:: Work task ::
Nothing may be dropped or added when the entries below are copied.

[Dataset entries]

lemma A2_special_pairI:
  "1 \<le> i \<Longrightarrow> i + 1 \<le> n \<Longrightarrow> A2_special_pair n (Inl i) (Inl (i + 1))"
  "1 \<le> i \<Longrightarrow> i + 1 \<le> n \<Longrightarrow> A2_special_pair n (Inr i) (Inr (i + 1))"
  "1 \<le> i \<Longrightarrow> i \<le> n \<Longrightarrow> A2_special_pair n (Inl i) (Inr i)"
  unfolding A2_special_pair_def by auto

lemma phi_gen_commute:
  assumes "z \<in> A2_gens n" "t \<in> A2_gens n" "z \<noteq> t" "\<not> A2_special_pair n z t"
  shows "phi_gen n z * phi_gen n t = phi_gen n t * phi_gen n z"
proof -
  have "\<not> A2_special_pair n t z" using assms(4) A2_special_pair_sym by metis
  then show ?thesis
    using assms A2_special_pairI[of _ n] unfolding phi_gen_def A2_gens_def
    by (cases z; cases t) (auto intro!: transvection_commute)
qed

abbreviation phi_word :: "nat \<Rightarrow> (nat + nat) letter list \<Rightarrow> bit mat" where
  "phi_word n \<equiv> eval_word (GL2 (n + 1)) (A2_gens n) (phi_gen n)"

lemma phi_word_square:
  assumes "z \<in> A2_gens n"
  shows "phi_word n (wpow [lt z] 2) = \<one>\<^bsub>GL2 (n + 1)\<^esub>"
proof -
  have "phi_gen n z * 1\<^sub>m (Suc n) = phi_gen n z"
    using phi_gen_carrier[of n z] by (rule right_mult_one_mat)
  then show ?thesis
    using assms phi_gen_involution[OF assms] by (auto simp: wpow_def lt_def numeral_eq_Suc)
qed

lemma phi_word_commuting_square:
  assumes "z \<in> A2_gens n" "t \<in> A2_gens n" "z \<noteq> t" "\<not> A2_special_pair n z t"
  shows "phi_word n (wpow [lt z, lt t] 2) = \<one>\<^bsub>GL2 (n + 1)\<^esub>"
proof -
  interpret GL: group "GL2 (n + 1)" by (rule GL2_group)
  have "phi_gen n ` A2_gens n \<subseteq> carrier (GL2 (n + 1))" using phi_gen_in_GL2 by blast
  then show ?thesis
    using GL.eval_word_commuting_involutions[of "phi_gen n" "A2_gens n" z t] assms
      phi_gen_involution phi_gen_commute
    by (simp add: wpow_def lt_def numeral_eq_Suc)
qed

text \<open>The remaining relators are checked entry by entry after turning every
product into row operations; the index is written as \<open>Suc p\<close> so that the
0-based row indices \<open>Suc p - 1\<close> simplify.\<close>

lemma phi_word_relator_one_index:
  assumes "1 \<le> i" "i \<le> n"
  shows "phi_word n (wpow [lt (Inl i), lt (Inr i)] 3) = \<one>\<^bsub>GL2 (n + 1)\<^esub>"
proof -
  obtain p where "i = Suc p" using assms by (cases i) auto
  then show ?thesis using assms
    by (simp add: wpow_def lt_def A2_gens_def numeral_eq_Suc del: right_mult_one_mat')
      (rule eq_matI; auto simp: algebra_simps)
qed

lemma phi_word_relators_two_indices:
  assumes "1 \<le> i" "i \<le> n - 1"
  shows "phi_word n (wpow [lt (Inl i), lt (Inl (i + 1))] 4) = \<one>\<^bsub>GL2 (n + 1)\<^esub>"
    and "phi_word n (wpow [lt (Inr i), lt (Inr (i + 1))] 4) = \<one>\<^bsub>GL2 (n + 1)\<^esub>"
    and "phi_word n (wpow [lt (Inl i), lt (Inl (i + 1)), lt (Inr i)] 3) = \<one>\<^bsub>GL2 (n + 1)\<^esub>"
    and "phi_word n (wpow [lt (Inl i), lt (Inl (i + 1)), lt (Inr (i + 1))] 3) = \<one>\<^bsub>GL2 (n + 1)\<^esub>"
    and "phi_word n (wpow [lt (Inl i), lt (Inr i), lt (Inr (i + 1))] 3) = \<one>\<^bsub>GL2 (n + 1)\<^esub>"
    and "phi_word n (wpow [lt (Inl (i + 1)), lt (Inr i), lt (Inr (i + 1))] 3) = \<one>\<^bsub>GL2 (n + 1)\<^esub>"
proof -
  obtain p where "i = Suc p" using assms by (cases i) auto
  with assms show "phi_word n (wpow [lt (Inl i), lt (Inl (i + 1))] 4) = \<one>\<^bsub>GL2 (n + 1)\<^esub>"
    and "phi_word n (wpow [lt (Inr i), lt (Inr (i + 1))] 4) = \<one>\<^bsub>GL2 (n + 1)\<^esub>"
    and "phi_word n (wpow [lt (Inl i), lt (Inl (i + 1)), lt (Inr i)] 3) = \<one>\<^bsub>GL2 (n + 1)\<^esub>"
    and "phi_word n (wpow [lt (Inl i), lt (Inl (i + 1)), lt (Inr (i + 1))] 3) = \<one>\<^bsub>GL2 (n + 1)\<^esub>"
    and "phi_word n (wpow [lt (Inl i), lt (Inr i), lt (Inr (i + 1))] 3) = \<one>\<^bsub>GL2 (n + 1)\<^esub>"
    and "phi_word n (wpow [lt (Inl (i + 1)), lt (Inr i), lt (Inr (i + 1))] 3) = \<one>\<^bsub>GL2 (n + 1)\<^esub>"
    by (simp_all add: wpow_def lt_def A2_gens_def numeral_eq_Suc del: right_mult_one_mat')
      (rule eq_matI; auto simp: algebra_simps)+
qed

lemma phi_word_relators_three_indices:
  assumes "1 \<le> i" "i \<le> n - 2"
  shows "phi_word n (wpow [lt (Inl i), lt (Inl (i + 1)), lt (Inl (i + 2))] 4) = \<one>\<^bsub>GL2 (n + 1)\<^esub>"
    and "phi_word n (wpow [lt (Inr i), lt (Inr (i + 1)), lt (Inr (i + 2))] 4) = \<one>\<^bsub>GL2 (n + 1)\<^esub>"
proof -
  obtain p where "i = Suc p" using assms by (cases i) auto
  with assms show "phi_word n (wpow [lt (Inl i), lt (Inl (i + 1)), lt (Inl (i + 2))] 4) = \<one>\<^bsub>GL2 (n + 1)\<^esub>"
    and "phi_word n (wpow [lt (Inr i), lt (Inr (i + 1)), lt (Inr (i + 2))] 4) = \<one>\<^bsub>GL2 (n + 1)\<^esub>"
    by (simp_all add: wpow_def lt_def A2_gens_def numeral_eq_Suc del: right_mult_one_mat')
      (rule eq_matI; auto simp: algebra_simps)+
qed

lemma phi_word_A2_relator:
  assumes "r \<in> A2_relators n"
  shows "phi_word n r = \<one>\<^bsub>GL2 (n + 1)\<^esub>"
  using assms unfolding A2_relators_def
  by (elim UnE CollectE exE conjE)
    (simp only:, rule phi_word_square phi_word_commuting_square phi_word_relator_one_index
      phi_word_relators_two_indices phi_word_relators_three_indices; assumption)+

:: Answer area ::
lemma A2_special_pairI:
  "1 \<le> i \<Longrightarrow> i + 1 \<le> n \<Longrightarrow> A2_special_pair n (Inl i) (Inl (i + 1))"
  "1 \<le> i \<Longrightarrow> i + 1 \<le> n \<Longrightarrow> A2_special_pair n (Inr i) (Inr (i + 1))"
  "1 \<le> i \<Longrightarrow> i \<le> n \<Longrightarrow> A2_special_pair n (Inl i) (Inr i)"
  unfolding A2_special_pair_def by auto

lemma phi_gen_commute:
  assumes "z \<in> A2_gens n" "t \<in> A2_gens n" "z \<noteq> t" "\<not> A2_special_pair n z t"
  shows "phi_gen n z * phi_gen n t = phi_gen n t * phi_gen n z"
proof -
  have "\<not> A2_special_pair n t z" using assms(4) A2_special_pair_sym by metis
  then show ?thesis
    using assms A2_special_pairI[of _ n] unfolding phi_gen_def A2_gens_def
    by (cases z; cases t) (auto intro!: transvection_commute)
qed

abbreviation phi_word :: "nat \<Rightarrow> (nat + nat) letter list \<Rightarrow> bit mat" where
  "phi_word n \<equiv> eval_word (GL2 (n + 1)) (A2_gens n) (phi_gen n)"

lemma phi_word_square:
  assumes "z \<in> A2_gens n"
  shows "phi_word n (wpow [lt z] 2) = \<one>\<^bsub>GL2 (n + 1)\<^esub>"
proof -
  have "phi_gen n z * 1\<^sub>m (Suc n) = phi_gen n z"
    using phi_gen_carrier[of n z] by (rule right_mult_one_mat)
  then show ?thesis
    using assms phi_gen_involution[OF assms] by (auto simp: wpow_def lt_def numeral_eq_Suc)
qed

lemma phi_word_commuting_square:
  assumes "z \<in> A2_gens n" "t \<in> A2_gens n" "z \<noteq> t" "\<not> A2_special_pair n z t"
  shows "phi_word n (wpow [lt z, lt t] 2) = \<one>\<^bsub>GL2 (n + 1)\<^esub>"
proof -
  interpret GL: group "GL2 (n + 1)" by (rule GL2_group)
  have "phi_gen n ` A2_gens n \<subseteq> carrier (GL2 (n + 1))" using phi_gen_in_GL2 by blast
  then show ?thesis
    using GL.eval_word_commuting_involutions[of "phi_gen n" "A2_gens n" z t] assms
      phi_gen_involution phi_gen_commute
    by (simp add: wpow_def lt_def numeral_eq_Suc)
qed

text \<open>The remaining relators are checked entry by entry after turning every
product into row operations; the index is written as \<open>Suc p\<close> so that the
0-based row indices \<open>Suc p - 1\<close> simplify.\<close>

lemma phi_word_relator_one_index:
  assumes "1 \<le> i" "i \<le> n"
  shows "phi_word n (wpow [lt (Inl i), lt (Inr i)] 3) = \<one>\<^bsub>GL2 (n + 1)\<^esub>"
proof -
  obtain p where "i = Suc p" using assms by (cases i) auto
  then show ?thesis using assms
    by (simp add: wpow_def lt_def A2_gens_def numeral_eq_Suc del: right_mult_one_mat')
      (rule eq_matI; auto simp: algebra_simps)
qed

lemma phi_word_relators_two_indices:
  assumes "1 \<le> i" "i \<le> n - 1"
  shows "phi_word n (wpow [lt (Inl i), lt (Inl (i + 1))] 4) = \<one>\<^bsub>GL2 (n + 1)\<^esub>"
    and "phi_word n (wpow [lt (Inr i), lt (Inr (i + 1))] 4) = \<one>\<^bsub>GL2 (n + 1)\<^esub>"
    and "phi_word n (wpow [lt (Inl i), lt (Inl (i + 1)), lt (Inr i)] 3) = \<one>\<^bsub>GL2 (n + 1)\<^esub>"
    and "phi_word n (wpow [lt (Inl i), lt (Inl (i + 1)), lt (Inr (i + 1))] 3) = \<one>\<^bsub>GL2 (n + 1)\<^esub>"
    and "phi_word n (wpow [lt (Inl i), lt (Inr i), lt (Inr (i + 1))] 3) = \<one>\<^bsub>GL2 (n + 1)\<^esub>"
    and "phi_word n (wpow [lt (Inl (i + 1)), lt (Inr i), lt (Inr (i + 1))] 3) = \<one>\<^bsub>GL2 (n + 1)\<^esub>"
proof -
  obtain p where "i = Suc p" using assms by (cases i) auto
  with assms show "phi_word n (wpow [lt (Inl i), lt (Inl (i + 1))] 4) = \<one>\<^bsub>GL2 (n + 1)\<^esub>"
    and "phi_word n (wpow [lt (Inr i), lt (Inr (i + 1))] 4) = \<one>\<^bsub>GL2 (n + 1)\<^esub>"
    and "phi_word n (wpow [lt (Inl i), lt (Inl (i + 1)), lt (Inr i)] 3) = \<one>\<^bsub>GL2 (n + 1)\<^esub>"
    and "phi_word n (wpow [lt (Inl i), lt (Inl (i + 1)), lt (Inr (i + 1))] 3) = \<one>\<^bsub>GL2 (n + 1)\<^esub>"
    and "phi_word n (wpow [lt (Inl i), lt (Inr i), lt (Inr (i + 1))] 3) = \<one>\<^bsub>GL2 (n + 1)\<^esub>"
    and "phi_word n (wpow [lt (Inl (i + 1)), lt (Inr i), lt (Inr (i + 1))] 3) = \<one>\<^bsub>GL2 (n + 1)\<^esub>"
    by (simp_all add: wpow_def lt_def A2_gens_def numeral_eq_Suc del: right_mult_one_mat')
      (rule eq_matI; auto simp: algebra_simps)+
qed

lemma phi_word_relators_three_indices:
  assumes "1 \<le> i" "i \<le> n - 2"
  shows "phi_word n (wpow [lt (Inl i), lt (Inl (i + 1)), lt (Inl (i + 2))] 4) = \<one>\<^bsub>GL2 (n + 1)\<^esub>"
    and "phi_word n (wpow [lt (Inr i), lt (Inr (i + 1)), lt (Inr (i + 2))] 4) = \<one>\<^bsub>GL2 (n + 1)\<^esub>"
proof -
  obtain p where "i = Suc p" using assms by (cases i) auto
  with assms show "phi_word n (wpow [lt (Inl i), lt (Inl (i + 1)), lt (Inl (i + 2))] 4) = \<one>\<^bsub>GL2 (n + 1)\<^esub>"
    and "phi_word n (wpow [lt (Inr i), lt (Inr (i + 1)), lt (Inr (i + 2))] 4) = \<one>\<^bsub>GL2 (n + 1)\<^esub>"
    by (simp_all add: wpow_def lt_def A2_gens_def numeral_eq_Suc del: right_mult_one_mat')
      (rule eq_matI; auto simp: algebra_simps)+
qed

lemma phi_word_A2_relator:
  assumes "r \<in> A2_relators n"
  shows "phi_word n r = \<one>\<^bsub>GL2 (n + 1)\<^esub>"
  using assms unfolding A2_relators_def
  by (elim UnE CollectE exE conjE)
    (simp only:, rule phi_word_square phi_word_commuting_square phi_word_relator_one_index
      phi_word_relators_two_indices phi_word_relators_three_indices; assumption)+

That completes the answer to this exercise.